For most community banks, the idea of robots wandering the branches may seem a bit nuts, but things are changing. Consider how the rapid migration of customer preferences to electronic channels has created challenges and led to changes all over. Banks now must continually review which services to offer and how to go about offering them just to keep up. This process has also called into question the size and scope of the branch network. Some say branches are dead while others say that people still need face-to-face help for more complex tasks. Ultimately, some level of balance will be achieved, but it will be interesting to see the state of customer interaction in 10Ys.
Until then, banks continue to search for the right balance. Clearly, it saves banks a lot of money to reduce staff in branches and consolidate customer service functions into a central call center. There are plenty of drawbacks though as well. We have all found ourselves at one time or another in an interminable loop of options when calling for product or service help, with none of the choices relating to our reason for calling.
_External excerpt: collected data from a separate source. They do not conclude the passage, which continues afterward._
(* Every morphism $f\colon[n]\to[m]$ of $\mathcal{I}\Gamma(as)$ can be written uniquely as $f=a\circ h$ with $h\in H_{n+1}^{+}$ and $a\colon[n]\to[m]$ a morphism of the subcategory $\mathcal{R}\cong\Delta R^{op}$. That is, $\mathcal{I}\Gamma(as)=\Delta R^{op}\circ\mathbf{H}^{+}$.
   Context: Let $C_2=\{1,t\}$ and $[n]=\{0,\dots,n\}$. The category $\mathcal{IF}(as)$ has objects $[n]$; a morphism $f\colon[n]\to[m]$ is a map of sets with a total order on each fibre $f^{-1}(i)$ and a label in $C_2$ on each element of $[n]$ (written $j^\alpha$). For $S=\{j_1^{\alpha_1}<\cdots<j_r^{\alpha_r}\}$ put $1\ast S=S$, $t\ast S=\{j_r^{t\alpha_r}<\cdots<j_1^{t\alpha_1}\}$; the composite of $f\colon[n]\to[m]$, $g\colon[m]\to[p]$ has underlying map $g\circ f$ and fibres $(g\circ f)^{-1}(i)=\coprod_{j^\alpha\in g^{-1}(i)}\alpha\ast f^{-1}(j)$ (ordered disjoint union). $\mathcal{I}\Gamma(as)$ is the subcategory of morphisms with $f(0)=0$. $H_{n+1}$ is the automorphism group of $[n]$ in $\mathcal{IF}(as)$, and $H_{n+1}^{+}$ the subgroup of automorphisms fixing $0$ whose label on $0$ is $1$; $\mathbf{H}^+$ is the corresponding groupoid. Morphisms of $\mathcal{I}\Gamma(as)$ (all labels $1$ unless stated): for $n\geqslant1$ and $0\leqslant i\leqslant n-1$, $d_i\colon[n]\to[n-1]$ sends $j\mapsto j$ ($j\leqslant i$), $j\mapsto j-1$ ($j>i$), with fibre over $i$ equal to $\{i<i+1\}$; $d_n\colon[n]\to[n-1]$ sends $j\mapsto j$ ($j<n$), $n\mapsto0$, with fibre over $0$ equal to $\{n<0\}$; for $0\leqslant j\leqslant n$, $s_j\colon[n]\to[n+1]$ sends $k\mapsto k$ ($k\leqslant j$), $k\mapsto k+1$ ($k>j$), so the fibre over $j+1$ is empty; $\rho_n\colon[n]\to[n]$ sends $0\mapsto 0$ and $k\mapsto n+1-k$ for $1\leqslant k\leqslant n$, with all labels equal to $t$. $\mathcal{R}$ denotes the subcategory of $\mathcal{I}\Gamma(as)$ generated by all $d_i$, $s_j$, $\rho_n$; it is isomorphic to $\Delta R^{op}$, the opposite of the reflexive crossed simplicial group category. *)

theory Defs
  imports Main
begin
lemma asd_iso_imp_reduction_inv:
  assumes "asd_iso \<phi> \<alpha> D D'"
  shows "reduction (inv_into (states D) \<phi>) (inv_into (parts D) \<alpha>) D' D"
  unfolding reduction_def
proof (intro conjI ballI)
  have \<phi>: "bij_betw \<phi> (states D) (states D')" and \<alpha>: "bij_betw \<alpha> (parts D) (parts D')"
    using assms unfolding asd_iso_def by auto
  then show \<phi>': "inv_into (states D) \<phi> ` states D' \<subseteq> states D"
    and "inv_into (parts D) \<alpha> ` parts D' \<subseteq> parts D"
    by (auto simp: bij_betw_def intro: inv_into_into)
  fix \<pi>' assume \<pi>': "\<pi>' \<in> parts D'"
  have "pullback (states D') (inv_into (states D) \<phi>) (inv_into (parts D) \<alpha> \<pi>')
      = pullback (states D') (inv_into (states D) \<phi>) (pullback (states D) \<phi> \<pi>')"
    using assms \<alpha> \<pi>' unfolding asd_iso_def bij_betw_def
    by (metis f_inv_into_f inv_into_into)
  also have "\<dots> = pullback (states D') (\<phi> \<circ> inv_into (states D) \<phi>) \<pi>'"
    by (rule pullback_comp[OF \<phi>'])
  also have "\<dots> = pullback (states D') id \<pi>'"
    using \<phi> by (intro pullback_cong) (auto simp: bij_betw_def f_inv_into_f)
  finally show "refines (pullback (states D') (inv_into (states D) \<phi>) (inv_into (parts D) \<alpha> \<pi>')) \<pi>'"
    using refines_pullback_id by metis
qed

lemma asd_iso_imp_equiv: "asd_iso \<phi> \<alpha> D D' \<Longrightarrow> asd_equiv D D'"
  unfolding asd_equiv_def asd_le_iff_reduction
  using asd_iso_imp_reduction asd_iso_imp_reduction_inv by blast

definition asd_image :: "('a \<Rightarrow> 'b) \<Rightarrow> 'a asd \<Rightarrow> 'b asd" where
  "asd_image g D = (g ` states D, (\<lambda>\<pi>. (`) g ` \<pi>) ` parts D)"

lemma
  shows states_asd_image: "states (asd_image g D) = g ` states D"
    and parts_asd_image: "parts (asd_image g D) = (\<lambda>\<pi>. (`) g ` \<pi>) ` parts D"
  unfolding asd_image_def states_def parts_def by simp_all

lemma is_asd_image:
  assumes "is_asd D" "inj_on g (states D)"
  shows "is_asd (asd_image g D)"
proof -
  have "partition_on (g ` states D) ((`) g ` \<pi>)" if "\<pi> \<in> parts D" for \<pi>
  proof -
    have \<pi>: "partition_on (states D) \<pi>"
      using assms(1) that unfolding is_asd_def by blast
    have "(`) g ` \<pi> - {{}} = (`) g ` \<pi>"
      using partition_onD3[OF \<pi>] by auto
    then show ?thesis
      using partition_on_inj_image[OF \<pi> assms(2)] by simp
  qed
  then show ?thesis
    using assms(1) unfolding is_asd_def states_asd_image parts_asd_image by blast
qed

lemma asd_iso_image:
  assumes "is_asd D" "inj_on g (states D)"
  shows "asd_iso g (\<lambda>\<pi>. (`) g ` \<pi>) D (asd_image g D)"
  unfolding asd_iso_def states_asd_image parts_asd_image
proof (intro conjI ballI)
  have parts_Pow: "parts D \<subseteq> Pow (Pow (states D))"
    using assms(1) unfolding is_asd_def partition_on_def by blast
  show "bij_betw g (states D) (g ` states D)"
    using assms(2) by (rule inj_on_imp_bij_betw)
  have "inj_on ((`) ((`) g)) (Pow (Pow (states D)))"
    by (intro inj_on_image_Pow assms(2))
  then show "bij_betw (\<lambda>\<pi>. (`) g ` \<pi>) (parts D) ((\<lambda>\<pi>. (`) g ` \<pi>) ` parts D)"
    using parts_Pow by (auto intro: inj_on_imp_bij_betw inj_on_subset)
  fix \<pi> assume "\<pi> \<in> parts D"
  then have \<pi>: "partition_on (states D) \<pi>"
    using assms(1) unfolding is_asd_def by blast
  have "{x\<in>states D. g x \<in> g ` B} = B" if "B \<in> \<pi>" for B
    using that partition_onD1[OF \<pi>] inj_on_image_mem_iff[OF assms(2)] by blast
  then show "\<pi> = pullback (states D) g ((`) g ` \<pi>)"
    using partition_onD3[OF \<pi>] unfolding pullback_def by (auto simp: image_image)
qed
We can only think that robot employees in either a hotel or a bank branch may have the same problem. The only way a robot can effectively function is by anticipating every inquiry a customer may have.
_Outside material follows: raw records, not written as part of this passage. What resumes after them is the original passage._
lemma card_functions_coordinatewise:
  assumes "finite I"
  shows "card {u. (\<forall>i\<in>I. u i \<in> D i) \<and> (\<forall>i. i \<notin> I \<longrightarrow> u i = z)} = (\<Prod>i\<in>I. card (D i))"
proof -
  define extend where "extend f i = (if i \<in> I then f i else z)" for f i
  have "{u. (\<forall>i\<in>I. u i \<in> D i) \<and> (\<forall>i. i \<notin> I \<longrightarrow> u i = z)} = extend ` PiE I D"
  proof (intro equalityI subsetI)
    fix u assume u: "u \<in> {u. (\<forall>i\<in>I. u i \<in> D i) \<and> (\<forall>i. i \<notin> I \<longrightarrow> u i = z)}"
    then have "u = extend (restrict u I)" by (auto simp: extend_def)
    moreover have "restrict u I \<in> PiE I D" using u by auto
    ultimately show "u \<in> extend ` PiE I D" by blast
  qed (auto simp: extend_def)
  moreover have "inj_on extend (PiE I D)"
  proof (rule inj_onI, rule PiE_ext)
    fix f g i assume "extend f = extend g" "i \<in> I"
    then have "extend f i = extend g i" by simp
    then show "f i = g i" using \<open>i \<in> I\<close> by (simp add: extend_def)
  qed
  ultimately show ?thesis by (simp add: card_image card_PiE[OF assms])
qed

section \<open>Hyperplanes and cylinders\<close>

lemma hyperplane_functional:
  assumes H: "H \<in> kspaces v (v - 1)" and "v \<ge> 1"
  obtains \<phi> :: "(nat \<Rightarrow> 'a::field) \<Rightarrow> 'a" where
    "\<And>x y. x \<in> ambient v \<Longrightarrow> y \<in> ambient v \<Longrightarrow> \<phi> (x + y) = \<phi> x + \<phi> y"
    "\<And>c x. x \<in> ambient v \<Longrightarrow> \<phi> (smul c x) = c * \<phi> x"
    "\<And>x. x \<in> ambient v \<Longrightarrow> \<phi> x = 0 \<longleftrightarrow> x \<in> H"
proof -
  have H': "V.subspace H" "H \<subseteq> ambient v" "V.dim H = v - 1"
    using H by (auto simp: kspaces_def)
  then have span_H: "V.span H = H" by simp
  have "\<not> ambient v \<subseteq> H"
  proof
    assume "ambient v \<subseteq> H"
    then have "V.dim (ambient v :: (nat \<Rightarrow> 'a) set) \<le> V.dim H"
      by (rule dim_mono_ambient[OF _ H'(2)])
    then show False using dim_ambient[of v, where 'a='a] H'(3) \<open>v \<ge> 1\<close> by simp
  qed
  then obtain w where w: "w \<in> ambient v" "w \<notin> H" by blast
  have unique: "a = b" if "x - smul a w \<in> H" "x - smul b w \<in> H" for x a b
  proof (rule ccontr)
    assume "a \<noteq> b"
    have "smul (inverse (a - b)) ((x - smul b w) - (x - smul a w)) \<in> H"
      using V.subspace_scale[OF H'(1) V.subspace_diff[OF H'(1) that(2,1)]] .
    moreover have "(x - smul b w) - (x - smul a w) = smul (a - b) w"
      by (simp add: fun_eq_iff smul_apply algebra_simps)
    then have "smul (inverse (a - b)) ((x - smul b w) - (x - smul a w)) = w"
      using \<open>a \<noteq> b\<close> by (simp add: V.scale_scale)
    ultimately show False using w(2) by simp
  qed
  define \<phi> where "\<phi> x = (THE a. x - smul a w \<in> H)" for x
  have \<phi>_eq: "\<phi> x = a" if "x - smul a w \<in> H" for x a
    unfolding \<phi>_def by (rule the_equality) (use that unique in blast)+
  have \<phi>_mem: "x - smul (\<phi> x) w \<in> H" if "x \<in> ambient v" for x
  proof -
    have "x \<in> V.span (insert w H)"
      using hyperplane_span_insert[OF H \<open>v \<ge> 1\<close> w] that by blast
    then obtain a where "x - smul a w \<in> H"
      unfolding V.span_insert span_H by blast
    then show ?thesis using \<phi>_eq by simp
  qed
  show ?thesis
  proof
    fix x y :: "nat \<Rightarrow> 'a" assume "x \<in> ambient v" "y \<in> ambient v"
    then have "(x - smul (\<phi> x) w) + (y - smul (\<phi> y) w) \<in> H"
      using \<phi>_mem V.subspace_add[OF H'(1)] by blast
    moreover have "(x - smul (\<phi> x) w) + (y - smul (\<phi> y) w) = (x + y) - smul (\<phi> x + \<phi> y) w"
      by (simp add: fun_eq_iff smul_apply algebra_simps)
    ultimately show "\<phi> (x + y) = \<phi> x + \<phi> y" using \<phi>_eq by simp
  next
    fix c and x :: "nat \<Rightarrow> 'a" assume "x \<in> ambient v"
    then have "smul c (x - smul (\<phi> x) w) \<in> H"
      using \<phi>_mem V.subspace_scale[OF H'(1)] by blast
    moreover have "smul c (x - smul (\<phi> x) w) = smul c x - smul (c * \<phi> x) w"
      by (simp add: fun_eq_iff smul_apply algebra_simps)
    ultimately show "\<phi> (smul c x) = c * \<phi> x" using \<phi>_eq by simp
  next
    fix x :: "nat \<Rightarrow> 'a" assume "x \<in> ambient v"
    have "smul 0 w = 0" by (simp add: fun_eq_iff smul_apply)
    then show "\<phi> x = 0 \<longleftrightarrow> x \<in> H"
      using \<phi>_mem[OF \<open>x \<in> ambient v\<close>] \<phi>_eq[of x 0] by auto
  qed
qed
lemma KR_witnesses_1_correct: "witnesses_for_range KR_witness 64 128 KR_witnesses_1"
  by (simp add: KR_witnesses_1_def partition_witness_def KR_col_def M_KR_def KR_block_min_def)

lemma KR_witnesses_2_correct: "witnesses_for_range KR_witness 128 192 KR_witnesses_2"
  by (simp add: KR_witnesses_2_def partition_witness_def KR_col_def M_KR_def KR_block_min_def)

lemma KR_witnesses_3_correct: "witnesses_for_range KR_witness 192 256 KR_witnesses_3"
  by (simp add: KR_witnesses_3_def partition_witness_def KR_col_def M_KR_def KR_block_min_def)

lemma KR_witnesses_4_correct: "witnesses_for_range KR_witness 256 320 KR_witnesses_4"
  by (simp add: KR_witnesses_4_def partition_witness_def KR_col_def M_KR_def KR_block_min_def)

lemma KR_witnesses_5_correct: "witnesses_for_range KR_witness 320 384 KR_witnesses_5"
  by (simp add: KR_witnesses_5_def partition_witness_def KR_col_def M_KR_def KR_block_min_def)

lemma KR_witnesses_6_correct: "witnesses_for_range KR_witness 384 448 KR_witnesses_6"
  by (simp add: KR_witnesses_6_def partition_witness_def KR_col_def M_KR_def KR_block_min_def)

lemma KR_witnesses_7_correct: "witnesses_for_range KR_witness 448 512 KR_witnesses_7"
  by (simp add: KR_witnesses_7_def partition_witness_def KR_col_def M_KR_def KR_block_min_def)

lemma KR_witnesses_8_correct: "witnesses_for_range KR_witness 512 576 KR_witnesses_8"
  by (simp add: KR_witnesses_8_def partition_witness_def KR_col_def M_KR_def KR_block_min_def)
In the Japanese bank branch, the bank bot explains exactly which functions it can assist with to help narrow the options. This is perhaps not so different from bank tellers of not so long ago, who carried out specific tasks and otherwise referred a customer to someone else for more specialized assistance. Modern customer service personnel need to be capable of taking care of numerous tasks from start to finish.
It's a good idea to review with staff that personal service can be found through numerous channels and to be certain that the service they provide is truly helpful and personal. At a recent financial services event, the CEO of German bank Fidor Bank argued that the best interaction online generally beats mediocre in-person contact. Fidor is a pioneer in the use of technology, so clearly their view skews towards greater use of it. In order to be successful, community banks need to learn from the most advanced providers, so this should be worthy of note. As an aside, Fidor is exploring a move into the US market using a branchless platform that will appeal to tech savvy international customers.
In the Japanese hotel, it was found that robots were ineffective at making beds and manning security cameras. But through the use of advanced technology, the price of a hotel room there is about 33% the price of a normal Japanese hotel. One day, we would like to check-in for a hotel stay with a receptionist T-rex in a bellman's cap. In the meantime, make sure your customer service staff is anything but robotic.